Let’s read in some example data to see what an FSC.A vs SSC.A plot typically looks like.
data <- read.flowSet(path = system.file("extdata", "ss_example", package = "flowTime"),
alter.names = TRUE)
annotation <- read.csv(system.file("extdata", "ss_example.csv", package = "flowTime"))
adat <- annotateFlowSet(yourFlowSet = data, annotation_df = annotation, mergeBy = "name")
To plot flow data we will use the ggcyto
package, and to define gates we will use the flowStats
, flowClust
and openCyto
packages. To build our gate set we will use the flowWorkspace
package, which is automatically imported by openCyto
. Let’s load these and I will also comment out some lines linking you to the relevant vignettes in these packages for your reference.
# library(BiocManager) BiocManager::install('openCyto')
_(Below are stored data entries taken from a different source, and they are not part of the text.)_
(* Let $g:\Sigma^n\to\Sigma$ be an $n$-quasigroup, write $\Sigma=\{a,b,c,d\}$, and let $k$ be the first canonical parameter of the double-MDS-code $S=\{\bar x\in\Sigma^n:g(\bar x)\in\{a,b\}\}$. (a) If $1<k<n$, then $g$ is reducible. (b) If $k=n$, then $g$ is semilinear.
   Context: Let $\Sigma=\{0,1,2,3\}$, $[n]=\{1,\ldots,n\}$. An $i$-line of $\Sigma^n$ is a set of the four words that agree in all coordinates except the $i$th; a line is an $i$-line for some $i$. An $(n,2)_4$ MDS code is a set meeting every line in exactly one element. A double-code is a set meeting every line in $0$ or $2$ elements; a double-MDS-code is a set meeting every line in exactly $2$ elements; a double-code is complementable if contained in a double-MDS-code, and prime if complementable, nonempty and not partitionable into two or more nonempty double-codes. An $n$-quasigroup is a map $g:\Sigma^n\to\Sigma$ such that, for each $i$ and each fixing of the other arguments, $x_i\mapsto g(\bar x)$ is a bijection of $\Sigma$. $\chi_S$ denotes the characteristic function, $\oplus$ addition mod 2, and for $K=\{i_1<\cdots<i_m\}\subseteq[n]$, $\bar x_K=(x_{i_1},\ldots,x_{i_m})$. Canonical parameters: every double-MDS-code $S\subseteq\Sigma^n$ has a unique representation $\chi_S(\bar x)=\bigoplus_{j=1}^k\chi_{S_j}(\bar x_{K_j})\oplus\sigma_0$ with $k\in[n]$, $\{K_1,\ldots,K_k\}$ a partition of $[n]$ into nonempty sets, $S_j$ prime double-MDS-codes containing $\bar 0$, $\sigma_0\in\{0,1\}$. An $n$-quasigroup $g$ is reducible if there exist $k'$ with $2\le k'\le n-1$, a partition $\{L_1,\ldots,L_{k'}\}$ of $[n]$ into nonempty sets, a $k'$-quasigroup $f_0$ and $|L_j|$-quasigroups $f_j$ with $g(\bar x)=f_0(f_1(\bar x_{L_1}),\ldots,f_{k'}(\bar x_{L_{k'}}))$ (i.e. $g$ is a superposition of quasigroups of arity less than $n$). A double-MDS-code $D\subseteq\Sigma^m$ is linear if $\chi_D(y_1,\ldots,y_m)=\chi_1(y_1)\oplus\cdots\oplus\chi_m(y_m)$ for some $\chi_i:\Sigma\to\{0,1\}$; an MDS code is semilinear if contained in a linear double-MDS-code; an $n$-quasigroup $g$ is semilinear if the MDS code $\{(\bar x,g(\bar x)):\bar x\in\Sigma^n\}\subseteq\Sigma^{n+1}$ is semilinear. *)

theory Defs
  imports Main
begin

text \<open>Conventions: \<Sigma> = {0,1,2,3} (naturals < 4); words of \<Sigma>^n are lists of length n;
  coordinate i of [n] corresponds to list index i-1.  For K a set of indices,
  nths x K is the subword x_K (entries in increasing index order).\<close>

definition words :: "nat \<Rightarrow> nat list set" where
  "words n = {x. length x = n \<and> set x \<subseteq> {0..<4}}"

definition line :: "nat list \<Rightarrow> nat \<Rightarrow> nat list set" where
  "line x i = {x[i := a] | a. a < 4}"

definition MDS_code :: "nat \<Rightarrow> nat list set \<Rightarrow> bool" where
  "MDS_code n C \<longleftrightarrow> C \<subseteq> words n \<and>
     (\<forall>x\<in>words n. \<forall>i<n. card (C \<inter> line x i) = 1)"

definition double_code :: "nat \<Rightarrow> nat list set \<Rightarrow> bool" where
  "double_code n D \<longleftrightarrow> D \<subseteq> words n \<and>
     (\<forall>x\<in>words n. \<forall>i<n. card (D \<inter> line x i) \<in> {0, 2})"
(* If $q$ is a well-formed PIFO tree, then $\mathsf{flush}(q)$ is an interleaving of the lists in $\mathsf{snap}(q)$.
   Context: Fix a set $\mathsf{Pkt}$ of packets and a totally ordered set $\mathsf{Rk}$ of ranks (smaller is more favorable). PIFOs: for a set $S$, a PIFO over $S$ is a finite sequence of pairs $(s,r)\in S\times\mathsf{Rk}$ in insertion order; $\mathsf{PIFO}(S)$ is the set of these. $\mathsf{pop}_{\mathsf{PIFO}}(p)$ is undefined if $p$ is empty; otherwise it removes the entry of minimal rank (earliest-inserted among ties) and returns $(s,p')$, its element and the rest. $|p|$ is the number of entries, $|p|_s$ the number with element $s$. Topologies: $\mathsf{Topo}$ is the smallest set with $*\in\mathsf{Topo}$ and $\mathsf{Node}(\vec t)\in\mathsf{Topo}$ for $n\in\mathbb{N}$, $\vec t\in\mathsf{Topo}^n$. PIFO trees: $\mathsf{Leaf}(p)\in\mathsf{PIFOTree}( * )$ for $p\in\mathsf{PIFO}(\mathsf{Pkt})$; $\mathsf{Internal}(\vec q,p)\in\mathsf{PIFOTree}(\mathsf{Node}(\vec t))$ whenever $\vec t\in\mathsf{Topo}^n$, $p\in\mathsf{PIFO}(\{1,\dots,n\})$, $\vec q[i]\in\mathsf{PIFOTree}(\vec t[i])$. $\vec q[q'/i]$ replaces the $i$-th entry by $q'$. pop (partial): $\mathsf{pop}(\mathsf{Leaf}(p))=(pkt,\mathsf{Leaf}(p'))$ if $\mathsf{pop}_{\mathsf{PIFO}}(p)=(pkt,p')$; $\mathsf{pop}(\mathsf{Internal}(\vec q,p))=(pkt,\mathsf{Internal}(\vec q[q'/i],p'))$ if $\mathsf{pop}_{\mathsf{PIFO}}(p)=(i,p')$ and $\mathsf{pop}(\vec q[i])=(pkt,q')$; undefined otherwise. Size: $|\mathsf{Leaf}(p)|=|p|$, $|\mathsf{Internal}(\vec q,p)|=\sum_i|\vec q[i]|$. Well-formedness: $\vdash\mathsf{Leaf}(p)$ always; $\vdash\mathsf{Internal}(\vec q,p)$ iff for all $i$, $\vdash\vec q[i]$ and $|p|_i=|\vec q[i]|$. Words: finite sequences are written by juxtaposition, $\epsilon$ is the empty word, $\cdot$ concatenation. For a PIFO $p$, $\textsc{flush}(p)$ is the word of elements obtained by repeatedly applying $\mathsf{pop}_{\mathsf{PIFO}}$ until $p$ is empty, with the last popped element leftmost. Snapshot (a list of words): $\mathsf{snap}(\mathsf{Leaf}(p)) = [\textsc{flush}(p)]$ and $\mathsf{snap}(\mathsf{Internal}(\vec q,p)) = \mathsf{snap}(\vec q[1]) +\!\!+ \cdots +\!\!+ \mathsf{snap}(\vec q[n])$, where $[x]$ is the one-element list and $+\!\!+$ list concatenation. For a well-formed $q$, $\mathsf{flush}(q)$ is defined by induction on $|q|$: $\mathsf{flush}(q)=\epsilon$ if $|q|=0$, and $\mathsf{flush}(q)=\mathsf{flush}(q')\cdot pkt$ if $|q|>0$ and $\mathsf{pop}(q)=(pkt,q')$. A word $w$ is an interleaving of words $w_1,\dots,w_k$ if the positions of $w$ can be partitioned into $k$ sets such that, for each $j$, the letters of $w$ at the $j$-th set, read in order, form $w_j$. *)

theory Defs
  imports Main
begin
(* Let $r>0$ and $s$ be real numbers. Let $e_0,e_1,e_2,\dots$ be independent and identically distributed real random variables with cumulative distribution function $F$ having probability density function $f$. Let $X_0$ be a real random variable such that $(X_0,e_0)$ is independent of $(e_1,e_2,\dots)$, and define $X_i - rX_{i-1} = e_i + s e_{i-1}$ for $i\ge 1$. Fix $x\in\mathbb{R}$, put $M_0=-\infty$, $M_n=\max_{1\le i\le n}X_i$ for $n\ge1$, and $u_n=P(M_n\le x)$ for $n\ge 0$. Let $G_0(\mathbf{y})=P(X_0\le y_0,\ e_0\le y_1)$ for $\mathbf{y}=(y_0,y_1)\in\mathbb{R}^2$. Define the linear operator $\mathcal{K}$ on functions $h$ of $\mathbf{z}=(z_0,z_1)\in\mathbb{R}^2$ by $$\mathcal{K}h(\mathbf{y}) = r\int\int_{a_{\mathbf{y}\mathbf{z}}}^{\infty} dz_0\, f(y_{0x}-rz_0-sz_1)\, h(z_0,dz_1),$$ where $y_{0x}=\min(y_0,x)$, $a_{\mathbf{y}\mathbf{z}}=(y_{0x}-sz_1-y_1)/r$, and $h(z_0,dz_1)$ denotes Lebesgue--Stieltjes integration in $z_1$. Set $a_n=[\mathcal{K}^nG_0(\mathbf{y})]_{\mathbf{y}=(\infty,\infty)}$ for $n\ge 0$. Then $u_n=a_n$ for all $n\ge 0$.
   Context: Evaluation at $\mathbf{y}=(\infty,\infty)$ means the limit as $y_0\to\infty$ and $y_1\to\infty$. $\mathcal{K}^0$ is the identity, so $a_0=1$. *)

theory Defs
  imports "HOL-Probability.Probability"
begin

definition run_max :: "(nat \<Rightarrow> 'a \<Rightarrow> real) \<Rightarrow> nat \<Rightarrow> 'a \<Rightarrow> ereal" where
  "run_max X n \<omega> = (if n = 0 then -\<infinity> else ereal (Max ((\<lambda>i. X i \<omega>) ` {1..n})))"

text \<open>The inner integral is the Lebesgue--Stieltjes integral in z1 with respect
  to the function z1 |-> h(z0,z1) (via interval_measure, i.e. for monotone right-continuous
  h(z0,.)), restricted to z0 > a_{yz}; the outer integral is the Lebesgue integral in z0.\<close>
definition Kop :: "real \<Rightarrow> real \<Rightarrow> (real \<Rightarrow> real) \<Rightarrow> real \<Rightarrow>
    (real \<times> real \<Rightarrow> real) \<Rightarrow> real \<times> real \<Rightarrow> real" where
  "Kop r s f x h y =
     r * (\<integral>z0. (\<integral>z1. indicator {z1. (min (fst y) x - s * z1 - snd y) / r < z0} z1
                        * f (min (fst y) x - r * z0 - s * z1)
                 \<partial>(interval_measure (\<lambda>z1. h (z0, z1)))) \<partial>lborel)"

end

theory Submission
  imports Defs
begin

text \<open>
  Put \<open>G\<^sub>n(y) = P(M\<^sub>n \<le> x, X\<^sub>n \<le> y\<^sub>0, e\<^sub>n \<le> y\<^sub>1)\<close>; then \<open>G\<^sub>0\<close> is the initial law and
  \<open>G\<^sub>n(y) \<rightarrow> u\<^sub>n\<close> as \<open>y \<rightarrow> (\<infinity>, \<infinity>)\<close>, so it suffices to show \<open>\<K> G\<^sub>n = G\<^sub>n\<^sub>+\<^sub>1\<close>.
  The Stieltjes measure of \<open>z\<^sub>1 \<mapsto> G\<^sub>n(z\<^sub>0, z\<^sub>1)\<close> is the law of \<open>e\<^sub>n\<close> restricted to the event
  \<open>{M\<^sub>n \<le> x, X\<^sub>n \<le> z\<^sub>0}\<close>. Exchanging the integrals and substituting \<open>u = y\<^sub>0\<^sub>x - r z\<^sub>0 - s e\<^sub>n\<close>
  turns \<open>\<K> G\<^sub>n(y)\<close> into the expectation, on \<open>{M\<^sub>n \<le> x}\<close>, of the distribution function of
  \<open>f\<close> at \<open>min (y\<^sub>0\<^sub>x - r X\<^sub>n - s e\<^sub>n) y\<^sub>1\<close>. As \<open>e\<^sub>n\<^sub>+\<^sub>1\<close> has density \<open>f\<close> and is independent of
  \<open>(X\<^sub>0, e\<^sub>0, \<dots>, e\<^sub>n)\<close>, which determine \<open>M\<^sub>n\<close>, \<open>X\<^sub>n\<close> and \<open>e\<^sub>n\<close>, this expectation is
  \<open>P(M\<^sub>n \<le> x, e\<^sub>n\<^sub>+\<^sub>1 \<le> y\<^sub>0\<^sub>x - r X\<^sub>n - s e\<^sub>n, e\<^sub>n\<^sub>+\<^sub>1 \<le> y\<^sub>1) = G\<^sub>n\<^sub>+\<^sub>1(y)\<close>.
\<close>

lemma interval_measure_cdf:
  assumes "finite_borel_measure N"
  shows "interval_measure (cdf N) = N"
proof -
  interpret finite_borel_measure N by fact
  have "finite_borel_measure (interval_measure (cdf N))"
    by (rule finite_borel_measure_interval_measure[OF cdf_nondecreasing cdf_is_right_cont
          cdf_lim_at_bot cdf_lim_at_top]) auto
  then show ?thesis
    by (rule cdf_unique'[OF _ assms])
       (simp add: cdf_interval_measure cdf_nondecreasing cdf_is_right_cont cdf_lim_at_bot)
qed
# BiocManager::install('ggcyto')
library("openCyto")
library("ggcyto")
#> Loading required package: ncdfFlow
#> Loading required package: RcppArmadillo
#> Loading required package: BH
#> Loading required package: flowWorkspace
#> As part of improvements to flowWorkspace, some behavior of
#> GatingSet objects has changed. For details, please read the section
#> titled "The cytoframe and cytoset classes" in the package vignette:
#>
#> vignette("flowWorkspace-Introduction", "flowWorkspace")
library("flowClust")
#>
#> Attaching package: 'flowClust'
#> The following object is masked from 'package:graphics':
#>
#> box
#> The following object is masked from 'package:base':
#>
#> Map
# vignette('flowWorkspace-Introduction', 'flowWorkspace')
# vignette('HowToAutoGating', package = 'openCyto')
Now what was that plot we wanted to make? FSC.A vs SSC.A, roughly representing the Size vs. Granularity of each cell (or event).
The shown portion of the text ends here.